I have a list of company names that I want to match against a list of sentences and get the index start and end position if a keyword is present in any of the sentences.

I wrote the code for matching the keywords exactly but realized that names in the sentences won't always be an exact match. For example, my keywords list can contain Company One Two Ltd but the sentences can be -

  • Company OneTwo Ltd won the auction
  • Company One Two Limited won the auction
  • The auction was won by Co. One Two Ltd and other variations

Given a company name, I want to find out the index start and end position even if the company name in the sentence is not an exact match but a variation. Below is the code I wrote for exact matching.

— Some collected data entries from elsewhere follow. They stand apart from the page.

(* Let $f:\{0,1\}^n\to\{0,1\}$. Each of the following quantities is at most $s_0(f)s_1(f)$, and $s_0(f)s_1(f)\le s(f)^2$: (i) (Khrapchenko bound) $\frac{|C|^2}{|A||B|}$ for any nonempty $A\subseteq f^{-1}(0)$, $B\subseteq f^{-1}(1)$, where $C=\{(x,y)\in A\times B: d_H(x,y)=1\}$; (ii) (Koutsoupias bound) $\|Q\|_2^2$ for any such $A,B,C$, where $Q$ is the $A\times B$ $0/1$ matrix with $Q[x,y]=1$ iff $(x,y)\in C$; (iii) (H\aa stad bound) $\frac{\Pr[\mathcal{C}\mid\Delta]^2}{\Pr[\mathcal{A}\mid\Delta]\Pr[\mathcal{B}\mid\Delta]}\left(\frac{1-p}{2p}\right)^2$ for any $p\in(0,1)$ and any filter $\Delta$ with $\Pr[\mathcal{A}\mid\Delta],\Pr[\mathcal{B}\mid\Delta]>0$.
   Context: For an input $x$, the sensitivity of $f$ on $x$ is the number of $i\in[n]$ such that flipping $x_i$ changes $f$. $s_0(f)$ (resp. $s_1(f)$) is the maximum sensitivity over $x\in f^{-1}(0)$ (resp. $f^{-1}(1)$), and $s(f)=\max(s_0(f),s_1(f))$. $d_H$ is Hamming distance, $\|\cdot\|_2$ the spectral norm. A restriction is a string $\rho\in\{0,1,\star\}^n$; $f|_\rho$ is the function of the $\star$-variables obtained by fixing the other variables as in $\rho$. $R_p$ is the distribution on restrictions setting each variable independently to $\star$ with probability $p$ and to $0$, $1$ each with probability $(1-p)/2$. A filter $\Delta$ is a set of restrictions such that if $\rho\in\Delta$ then every restriction obtained from $\rho$ by fixing one $\star$ to a constant is in $\Delta$. For an event $E$, $\Pr[E\mid\Delta]=\Pr_{\rho\sim R_p}[E\mid\rho\in\Delta]$. $\mathcal{A}$ is the event that $f|_\rho$ is the constant $0$, $\mathcal{B}$ the event that $f|_\rho$ is the constant $1$, and $\mathcal{C}$ the event that $f|_\rho$ is a single literal ($x_i$ or $\neg x_i$ for some free variable $x_i$). *)

theory Defs
  imports Complex_Main
begin

text \<open>Inputs in {0,1}^n are represented as functions nat => bool that are False
  outside {0..<n}. A Boolean function is f :: (nat => bool) => bool, only
  evaluated on the cube.\<close>

definition cube :: "nat \<Rightarrow> (nat \<Rightarrow> bool) set" where
  "cube n = {x. \<forall>i\<ge>n. x i = False}"

definition flip :: "(nat \<Rightarrow> bool) \<Rightarrow> nat \<Rightarrow> (nat \<Rightarrow> bool)" where
  "flip x i = x(i := \<not> x i)"

definition sens_at :: "nat \<Rightarrow> ((nat \<Rightarrow> bool) \<Rightarrow> bool) \<Rightarrow> (nat \<Rightarrow> bool) \<Rightarrow> nat" where
  "sens_at n f x = card {i. i < n \<and> f (flip x i) \<noteq> f x}"

text \<open>s_0 and s_1; the maximum over an empty set is taken to be 0.\<close>
definition s0 :: "nat \<Rightarrow> ((nat \<Rightarrow> bool) \<Rightarrow> bool) \<Rightarrow> nat" where
  "s0 n f = Max (insert 0 (sens_at n f ` {x \<in> cube n. f x = False}))"

definition s1 :: "nat \<Rightarrow> ((nat \<Rightarrow> bool) \<Rightarrow> bool) \<Rightarrow> nat" where
  "s1 n f = Max (insert 0 (sens_at n f ` {x \<in> cube n. f x = True}))"

definition sens :: "nat \<Rightarrow> ((nat \<Rightarrow> bool) \<Rightarrow> bool) \<Rightarrow> nat" where
  "sens n f = max (s0 n f) (s1 n f)"

definition hamming :: "nat \<Rightarrow> (nat \<Rightarrow> bool) \<Rightarrow> (nat \<Rightarrow> bool) \<Rightarrow> nat" where
  "hamming n x y = card {i. i < n \<and> x i \<noteq> y i}"

definition spec_norm :: "'a set \<Rightarrow> 'b set \<Rightarrow> ('a \<Rightarrow> 'b \<Rightarrow> real) \<Rightarrow> real" where
  "spec_norm A B Q = Sup {sqrt (\<Sum>x\<in>A. (\<Sum>y\<in>B. Q x y * u y)\<^sup>2) | u. (\<Sum>y\<in>B. (u y)\<^sup>2) = 1}"

text \<open>Restrictions: None = star. Variables i >= n carry None but are never free.\<close>
definition restrictions :: "nat \<Rightarrow> (nat \<Rightarrow> bool option) set" where
  "restrictions n = {\<rho>. \<forall>i\<ge>n. \<rho> i = None}"

definition free_vars :: "nat \<Rightarrow> (nat \<Rightarrow> bool option) \<Rightarrow> nat set" where
  "free_vars n \<rho> = {i. i < n \<and> \<rho> i = None}"

definition apply_restr :: "(nat \<Rightarrow> bool option) \<Rightarrow> (nat \<Rightarrow> bool) \<Rightarrow> (nat \<Rightarrow> bool)" where
  "apply_restr \<rho> y = (\<lambda>i. case \<rho> i of Some b \<Rightarrow> b | None \<Rightarrow> y i)"

definition is_filter :: "nat \<Rightarrow> (nat \<Rightarrow> bool option) set \<Rightarrow> bool" where
  "is_filter n \<Delta> \<longleftrightarrow> \<Delta> \<subseteq> restrictions n \<and>
     (\<forall>\<rho>\<in>\<Delta>. \<forall>i\<in>free_vars n \<rho>. \<forall>b. \<rho>(i := Some b) \<in> \<Delta>)"

definition Rp_weight :: "nat \<Rightarrow> real \<Rightarrow> (nat \<Rightarrow> bool option) \<Rightarrow> real" where
  "Rp_weight n p \<rho> = p ^ card (free_vars n \<rho>) * ((1 - p) / 2) ^ (n - card (free_vars n \<rho>))"

definition cond_prob :: "nat \<Rightarrow> real \<Rightarrow> ((nat \<Rightarrow> bool option) \<Rightarrow> bool)
    \<Rightarrow> (nat \<Rightarrow> bool option) set \<Rightarrow> real" where
  "cond_prob n p E \<Delta> = (\<Sum>\<rho>\<in>{\<rho>\<in>\<Delta>. E \<rho>}. Rp_weight n p \<rho>) / (\<Sum>\<rho>\<in>\<Delta>. Rp_weight n p \<rho>)"

definition restr_const :: "nat \<Rightarrow> ((nat \<Rightarrow> bool) \<Rightarrow> bool) \<Rightarrow> bool \<Rightarrow> (nat \<Rightarrow> bool option) \<Rightarrow> bool" where
  "restr_const n f c \<rho> \<longleftrightarrow> (\<forall>y\<in>cube n. f (apply_restr \<rho> y) = c)"

definition restr_literal :: "nat \<Rightarrow> ((nat \<Rightarrow> bool) \<Rightarrow> bool) \<Rightarrow> (nat \<Rightarrow> bool option) \<Rightarrow> bool" where
  "restr_literal n f \<rho> \<longleftrightarrow> (\<exists>i\<in>free_vars n \<rho>.
      (\<forall>y\<in>cube n. f (apply_restr \<rho> y) = y i) \<or> (\<forall>y\<in>cube n. f (apply_restr \<rho> y) = (\<not> y i)))"

end

theory Submission
  imports Defs "HOL-Analysis.Convex"
begin

(* In the bipartite graph of Hamming neighbours between f^-1(0) and f^-1(1), a 0-input x has at
   most s_0(f) neighbours (each is x with a sensitive bit flipped) and a 1-input at most s_1(f).
   Every bound then has the shape t <= s_0 a and t <= s_1 b, whence t^2/(a b) <= s_0 s_1.
   For Khrapchenko, t = |C| is counted from either side. For Koutsoupias, the Schur test
   (Cauchy-Schwarz with row sums <= s_0 and column sums <= s_1) bounds the spectral norm.
   For Hastad, fixing the variable of a literal restriction rho so that f|rho becomes the
   constant b stays in the filter and multiplies the R_p-weight by (1-p)/(2p); a restriction
   sigma with f|sigma = b is hit at most s_b(f) times, because its preimages free distinct
   variables, all sensitive at any input consistent with sigma. *)

lemma sq_div_le_of_le_mult:
  fixes t a b r s :: real
  assumes "0 \<le> t" "t \<le> a * r" "t \<le> b * s" "0 < a * b"
  shows "t ^ 2 / (a * b) \<le> r * s"
proof -
  have "t ^ 2 \<le> (a * r) * (b * s)"
    unfolding power2_eq_square using assms by (intro mult_mono) auto
  with assms(4) show ?thesis by (simp add: divide_le_eq mult_ac)
qed

lemma weighted_Cauchy_Schwarz:
  fixes w u :: "'a \<Rightarrow> real"
  assumes "\<forall>i\<in>I. 0 \<le> w i"
  shows "(\<Sum>i\<in>I. w i * u i)\<^sup>2 \<le> (\<Sum>i\<in>I. w i) * (\<Sum>i\<in>I. w i * (u i)\<^sup>2)"
proof -
  have "(\<Sum>i\<in>I. w i * u i)\<^sup>2 = (\<Sum>i\<in>I. sqrt (w i) * (sqrt (w i) * u i))\<^sup>2"
    using assms by (simp flip: mult.assoc)
  also have "\<dots> \<le> (\<Sum>i\<in>I. (sqrt (w i))\<^sup>2) * (\<Sum>i\<in>I. (sqrt (w i) * u i)\<^sup>2)"
    by (rule Cauchy_Schwarz_ineq_sum)
  also have "\<dots> = (\<Sum>i\<in>I. w i) * (\<Sum>i\<in>I. w i * (u i)\<^sup>2)"
    using assms by (simp add: power_mult_distrib)
  finally show ?thesis .
qed

lemma Schur_test:
  fixes Q :: "'a \<Rightarrow> 'b \<Rightarrow> real"
  assumes nonneg: "\<forall>x\<in>A. \<forall>y\<in>B. 0 \<le> Q x y" and "0 \<le> r"
    and rows: "\<forall>x\<in>A. (\<Sum>y\<in>B. Q x y) \<le> r" and cols: "\<forall>y\<in>B. (\<Sum>x\<in>A. Q x y) \<le> c"
  shows "(\<Sum>x\<in>A. (\<Sum>y\<in>B. Q x y * u y)\<^sup>2) \<le> r * c * (\<Sum>y\<in>B. (u y)\<^sup>2)"
proof -
  have "(\<Sum>x\<in>A. (\<Sum>y\<in>B. Q x y * u y)\<^sup>2) \<le> (\<Sum>x\<in>A. (\<Sum>y\<in>B. Q x y) * (\<Sum>y\<in>B. Q x y * (u y)\<^sup>2))"
    using nonneg by (intro sum_mono weighted_Cauchy_Schwarz) auto
  also have "\<dots> \<le> (\<Sum>x\<in>A. r * (\<Sum>y\<in>B. Q x y * (u y)\<^sup>2))"
    using nonneg rows by (intro sum_mono mult_right_mono sum_nonneg) auto
  also have "\<dots> = r * (\<Sum>y\<in>B. (u y)\<^sup>2 * (\<Sum>x\<in>A. Q x y))"
    by (simp add: sum_distrib_left sum_distrib_right sum.swap[of _ A] mult_ac)
  also have "\<dots> \<le> r * (\<Sum>y\<in>B. (u y)\<^sup>2 * c)"
    using cols \<open>0 \<le> r\<close> by (intro mult_left_mono sum_mono) auto
  also have "\<dots> = r * c * (\<Sum>y\<in>B. (u y)\<^sup>2)"
    by (simp add: sum_distrib_left sum_distrib_right mult_ac)
  finally show ?thesis .
qed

def find_index(texts, target):
    idxs = []
    for i, each_sent in enumerate(texts):
        add = [(m.start(0), m.end(0)) for m in re.finditer(target, each_sent)]
        if len(add):
            idxs.append([(i, m.start(0), m.end(0)) for m in re.finditer(target, each_sent)])
    return idxs
Clock Slave
  • 7,627
  • 15
  • 68
  • 109
  • 1
    you may have to modify the target to be more versatile like `(Company|Co\.?)\s?One\s?Two\s?(Limited|Ltd)` – depperm Aug 10 '21 at 16:13
  • @depperm, I have about 10k such company names with not much common in each other for which I am trying to get the indices. This might work for a few cases but it's not going to be possible to go manually through all possibilities. – Clock Slave Aug 10 '21 at 16:17
  • 2
    while not clean you could iterate through company list and create fuzzy searches `Company`->`(Company|Co\.?)`, `' '`->`\s?`, `Limited`->`(Limited|Ltd)`, etc. It's hard to come up with possible solutions without knowing all the data – depperm Aug 10 '21 at 16:21
  • 1
    another option is to create a levenshtein distance calculator, though it has its own drawbacks [example](https://www.datacamp.com/community/tutorials/fuzzy-string-python) – depperm Aug 10 '21 at 16:39
  • @depperm, Levenshtein distance is what I found as well. Looking into it.. Thanks for the link – Clock Slave Aug 10 '21 at 17:00
  • @depperm - how about you turn your comments into an answer so that clock-slave can accept? – sophros Aug 16 '21 at 05:53

1 Answers1

0

I can think of 2-3 possibilities all with varying pros/cons:

  1. Create More Versatile regex

(Company|Co\.?)\s?One\s?Two\s?(Limited|Ltd)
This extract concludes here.